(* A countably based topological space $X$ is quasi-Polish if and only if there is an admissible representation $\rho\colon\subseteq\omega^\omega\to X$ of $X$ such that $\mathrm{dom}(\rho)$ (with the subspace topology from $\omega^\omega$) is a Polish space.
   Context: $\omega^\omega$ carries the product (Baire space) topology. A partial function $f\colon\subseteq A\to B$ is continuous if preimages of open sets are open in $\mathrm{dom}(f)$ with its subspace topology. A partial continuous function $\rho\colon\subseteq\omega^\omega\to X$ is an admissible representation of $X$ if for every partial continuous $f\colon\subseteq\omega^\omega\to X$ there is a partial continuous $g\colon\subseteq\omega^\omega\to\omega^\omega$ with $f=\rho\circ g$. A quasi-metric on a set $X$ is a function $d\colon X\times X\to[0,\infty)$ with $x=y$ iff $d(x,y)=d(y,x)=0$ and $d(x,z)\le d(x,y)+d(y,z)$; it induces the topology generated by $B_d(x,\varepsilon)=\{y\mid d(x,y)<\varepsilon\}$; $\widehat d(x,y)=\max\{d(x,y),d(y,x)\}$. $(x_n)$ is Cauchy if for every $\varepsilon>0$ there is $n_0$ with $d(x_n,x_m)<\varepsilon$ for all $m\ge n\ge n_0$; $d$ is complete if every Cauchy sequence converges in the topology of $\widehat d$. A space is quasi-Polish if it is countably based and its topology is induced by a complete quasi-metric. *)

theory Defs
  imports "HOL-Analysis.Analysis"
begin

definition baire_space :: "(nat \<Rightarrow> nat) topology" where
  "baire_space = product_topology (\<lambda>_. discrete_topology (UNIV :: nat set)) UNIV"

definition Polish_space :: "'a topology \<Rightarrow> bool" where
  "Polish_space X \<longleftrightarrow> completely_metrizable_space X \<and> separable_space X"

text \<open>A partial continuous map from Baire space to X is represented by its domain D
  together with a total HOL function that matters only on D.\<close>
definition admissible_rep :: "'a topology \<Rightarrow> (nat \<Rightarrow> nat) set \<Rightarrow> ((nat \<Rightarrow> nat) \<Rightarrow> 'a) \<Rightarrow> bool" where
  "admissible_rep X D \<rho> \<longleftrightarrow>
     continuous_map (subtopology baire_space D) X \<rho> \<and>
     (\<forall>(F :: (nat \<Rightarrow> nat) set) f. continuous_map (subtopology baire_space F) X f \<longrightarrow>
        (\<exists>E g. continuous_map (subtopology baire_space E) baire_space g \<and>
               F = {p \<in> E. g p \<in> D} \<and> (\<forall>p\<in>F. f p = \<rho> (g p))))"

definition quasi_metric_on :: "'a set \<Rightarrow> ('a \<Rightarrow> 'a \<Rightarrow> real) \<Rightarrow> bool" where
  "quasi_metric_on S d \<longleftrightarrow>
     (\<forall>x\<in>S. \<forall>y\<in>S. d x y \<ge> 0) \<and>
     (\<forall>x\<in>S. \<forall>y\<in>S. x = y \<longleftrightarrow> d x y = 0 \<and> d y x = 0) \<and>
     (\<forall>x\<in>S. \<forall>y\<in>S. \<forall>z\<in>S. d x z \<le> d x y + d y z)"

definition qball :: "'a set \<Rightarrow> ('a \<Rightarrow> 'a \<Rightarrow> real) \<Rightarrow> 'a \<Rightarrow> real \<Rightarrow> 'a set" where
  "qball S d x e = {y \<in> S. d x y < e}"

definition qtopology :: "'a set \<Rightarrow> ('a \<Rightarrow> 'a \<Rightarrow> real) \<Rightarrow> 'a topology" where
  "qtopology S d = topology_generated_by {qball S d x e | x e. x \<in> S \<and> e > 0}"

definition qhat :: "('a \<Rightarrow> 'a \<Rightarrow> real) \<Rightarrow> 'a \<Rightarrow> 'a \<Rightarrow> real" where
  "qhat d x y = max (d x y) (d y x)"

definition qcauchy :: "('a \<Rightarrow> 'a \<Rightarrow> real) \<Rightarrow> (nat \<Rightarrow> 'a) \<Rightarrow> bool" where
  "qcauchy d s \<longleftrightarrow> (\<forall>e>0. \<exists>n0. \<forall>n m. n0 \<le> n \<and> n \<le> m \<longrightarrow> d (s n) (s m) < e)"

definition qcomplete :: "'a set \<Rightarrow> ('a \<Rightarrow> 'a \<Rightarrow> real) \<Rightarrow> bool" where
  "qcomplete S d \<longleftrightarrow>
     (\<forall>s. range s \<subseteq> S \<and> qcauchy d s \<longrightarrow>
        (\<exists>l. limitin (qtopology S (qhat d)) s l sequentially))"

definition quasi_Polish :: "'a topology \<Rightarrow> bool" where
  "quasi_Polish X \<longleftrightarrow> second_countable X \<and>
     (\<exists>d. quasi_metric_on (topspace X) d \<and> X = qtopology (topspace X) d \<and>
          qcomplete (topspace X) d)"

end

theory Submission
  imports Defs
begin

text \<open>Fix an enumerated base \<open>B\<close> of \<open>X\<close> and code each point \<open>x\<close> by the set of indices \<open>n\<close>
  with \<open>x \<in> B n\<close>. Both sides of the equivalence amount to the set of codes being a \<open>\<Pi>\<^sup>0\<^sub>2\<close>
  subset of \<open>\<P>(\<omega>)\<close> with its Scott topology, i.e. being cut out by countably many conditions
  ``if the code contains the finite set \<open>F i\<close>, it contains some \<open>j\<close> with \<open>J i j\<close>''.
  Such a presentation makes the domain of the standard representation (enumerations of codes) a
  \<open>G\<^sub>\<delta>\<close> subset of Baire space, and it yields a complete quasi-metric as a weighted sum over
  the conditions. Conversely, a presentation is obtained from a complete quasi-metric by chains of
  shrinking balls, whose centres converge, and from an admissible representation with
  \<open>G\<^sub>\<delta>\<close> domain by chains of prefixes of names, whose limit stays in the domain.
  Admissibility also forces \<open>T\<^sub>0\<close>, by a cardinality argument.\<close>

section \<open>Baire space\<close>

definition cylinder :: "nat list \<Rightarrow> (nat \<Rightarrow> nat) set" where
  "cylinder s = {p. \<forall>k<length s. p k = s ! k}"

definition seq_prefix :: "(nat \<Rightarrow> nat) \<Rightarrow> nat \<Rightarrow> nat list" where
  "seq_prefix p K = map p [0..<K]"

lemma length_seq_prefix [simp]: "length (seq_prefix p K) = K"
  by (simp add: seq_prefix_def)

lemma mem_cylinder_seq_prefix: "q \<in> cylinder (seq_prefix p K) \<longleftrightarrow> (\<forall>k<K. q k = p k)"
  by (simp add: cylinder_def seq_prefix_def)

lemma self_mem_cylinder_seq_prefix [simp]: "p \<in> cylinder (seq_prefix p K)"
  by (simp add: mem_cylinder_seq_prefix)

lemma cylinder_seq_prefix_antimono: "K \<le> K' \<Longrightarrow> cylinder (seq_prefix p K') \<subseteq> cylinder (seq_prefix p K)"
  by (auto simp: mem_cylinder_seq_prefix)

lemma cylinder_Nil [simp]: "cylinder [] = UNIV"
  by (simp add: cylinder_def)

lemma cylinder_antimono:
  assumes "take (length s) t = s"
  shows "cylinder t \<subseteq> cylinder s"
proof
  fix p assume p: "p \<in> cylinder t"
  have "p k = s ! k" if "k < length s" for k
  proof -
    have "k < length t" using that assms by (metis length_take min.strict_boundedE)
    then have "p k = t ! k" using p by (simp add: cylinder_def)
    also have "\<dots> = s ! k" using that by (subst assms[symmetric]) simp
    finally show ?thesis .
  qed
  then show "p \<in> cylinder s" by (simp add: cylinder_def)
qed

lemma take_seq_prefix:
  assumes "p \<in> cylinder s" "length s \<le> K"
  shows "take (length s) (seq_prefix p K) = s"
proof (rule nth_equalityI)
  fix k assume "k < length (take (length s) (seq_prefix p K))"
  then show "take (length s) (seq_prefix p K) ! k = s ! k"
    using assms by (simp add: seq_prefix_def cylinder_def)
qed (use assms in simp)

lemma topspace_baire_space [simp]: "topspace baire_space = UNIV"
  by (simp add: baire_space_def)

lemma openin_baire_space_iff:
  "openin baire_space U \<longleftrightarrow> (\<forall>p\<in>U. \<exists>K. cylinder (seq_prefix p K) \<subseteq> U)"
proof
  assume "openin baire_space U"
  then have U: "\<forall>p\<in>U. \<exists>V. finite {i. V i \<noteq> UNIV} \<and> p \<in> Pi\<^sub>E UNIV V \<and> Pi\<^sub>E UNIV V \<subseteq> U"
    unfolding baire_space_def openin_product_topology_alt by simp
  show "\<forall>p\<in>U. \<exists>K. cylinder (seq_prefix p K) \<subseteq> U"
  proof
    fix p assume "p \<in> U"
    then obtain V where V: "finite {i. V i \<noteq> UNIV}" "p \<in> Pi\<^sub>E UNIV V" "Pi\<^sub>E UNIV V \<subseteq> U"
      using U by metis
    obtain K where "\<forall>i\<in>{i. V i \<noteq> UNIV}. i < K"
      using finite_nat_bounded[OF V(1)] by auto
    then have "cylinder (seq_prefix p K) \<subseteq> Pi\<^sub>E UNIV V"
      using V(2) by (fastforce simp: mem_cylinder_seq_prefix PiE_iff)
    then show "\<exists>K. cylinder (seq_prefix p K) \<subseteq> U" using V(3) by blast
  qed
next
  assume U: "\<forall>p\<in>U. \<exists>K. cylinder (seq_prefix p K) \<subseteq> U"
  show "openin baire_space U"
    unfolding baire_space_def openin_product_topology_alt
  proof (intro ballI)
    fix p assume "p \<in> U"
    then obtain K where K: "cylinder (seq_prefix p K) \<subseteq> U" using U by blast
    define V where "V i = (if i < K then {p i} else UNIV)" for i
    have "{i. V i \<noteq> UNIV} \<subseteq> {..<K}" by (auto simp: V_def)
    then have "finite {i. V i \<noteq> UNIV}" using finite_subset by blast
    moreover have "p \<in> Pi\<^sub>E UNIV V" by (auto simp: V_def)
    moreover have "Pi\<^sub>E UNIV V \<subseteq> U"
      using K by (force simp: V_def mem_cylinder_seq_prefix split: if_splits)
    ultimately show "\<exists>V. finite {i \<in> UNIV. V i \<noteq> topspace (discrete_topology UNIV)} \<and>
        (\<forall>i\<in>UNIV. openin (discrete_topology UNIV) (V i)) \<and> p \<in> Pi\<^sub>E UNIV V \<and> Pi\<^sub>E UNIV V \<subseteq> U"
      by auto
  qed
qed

* Directions
Beginning at the line that contains "using finite_nat_bounded[OF V(1)]", retype each line of the listing up to and including the last one, exactly as it stands, and nothing else.

* Written reply
      using finite_nat_bounded[OF V(1)] by auto
    then have "cylinder (seq_prefix p K) \<subseteq> Pi\<^sub>E UNIV V"
      using V(2) by (fastforce simp: mem_cylinder_seq_prefix PiE_iff)
    then show "\<exists>K. cylinder (seq_prefix p K) \<subseteq> U" using V(3) by blast
  qed
next
  assume U: "\<forall>p\<in>U. \<exists>K. cylinder (seq_prefix p K) \<subseteq> U"
  show "openin baire_space U"
    unfolding baire_space_def openin_product_topology_alt
  proof (intro ballI)
    fix p assume "p \<in> U"
    then obtain K where K: "cylinder (seq_prefix p K) \<subseteq> U" using U by blast
    define V where "V i = (if i < K then {p i} else UNIV)" for i
    have "{i. V i \<noteq> UNIV} \<subseteq> {..<K}" by (auto simp: V_def)
    then have "finite {i. V i \<noteq> UNIV}" using finite_subset by blast
    moreover have "p \<in> Pi\<^sub>E UNIV V" by (auto simp: V_def)
    moreover have "Pi\<^sub>E UNIV V \<subseteq> U"
      using K by (force simp: V_def mem_cylinder_seq_prefix split: if_splits)
    ultimately show "\<exists>V. finite {i \<in> UNIV. V i \<noteq> topspace (discrete_topology UNIV)} \<and>
        (\<forall>i\<in>UNIV. openin (discrete_topology UNIV) (V i)) \<and> p \<in> Pi\<^sub>E UNIV V \<and> Pi\<^sub>E UNIV V \<subseteq> U"
      by auto
  qed
qed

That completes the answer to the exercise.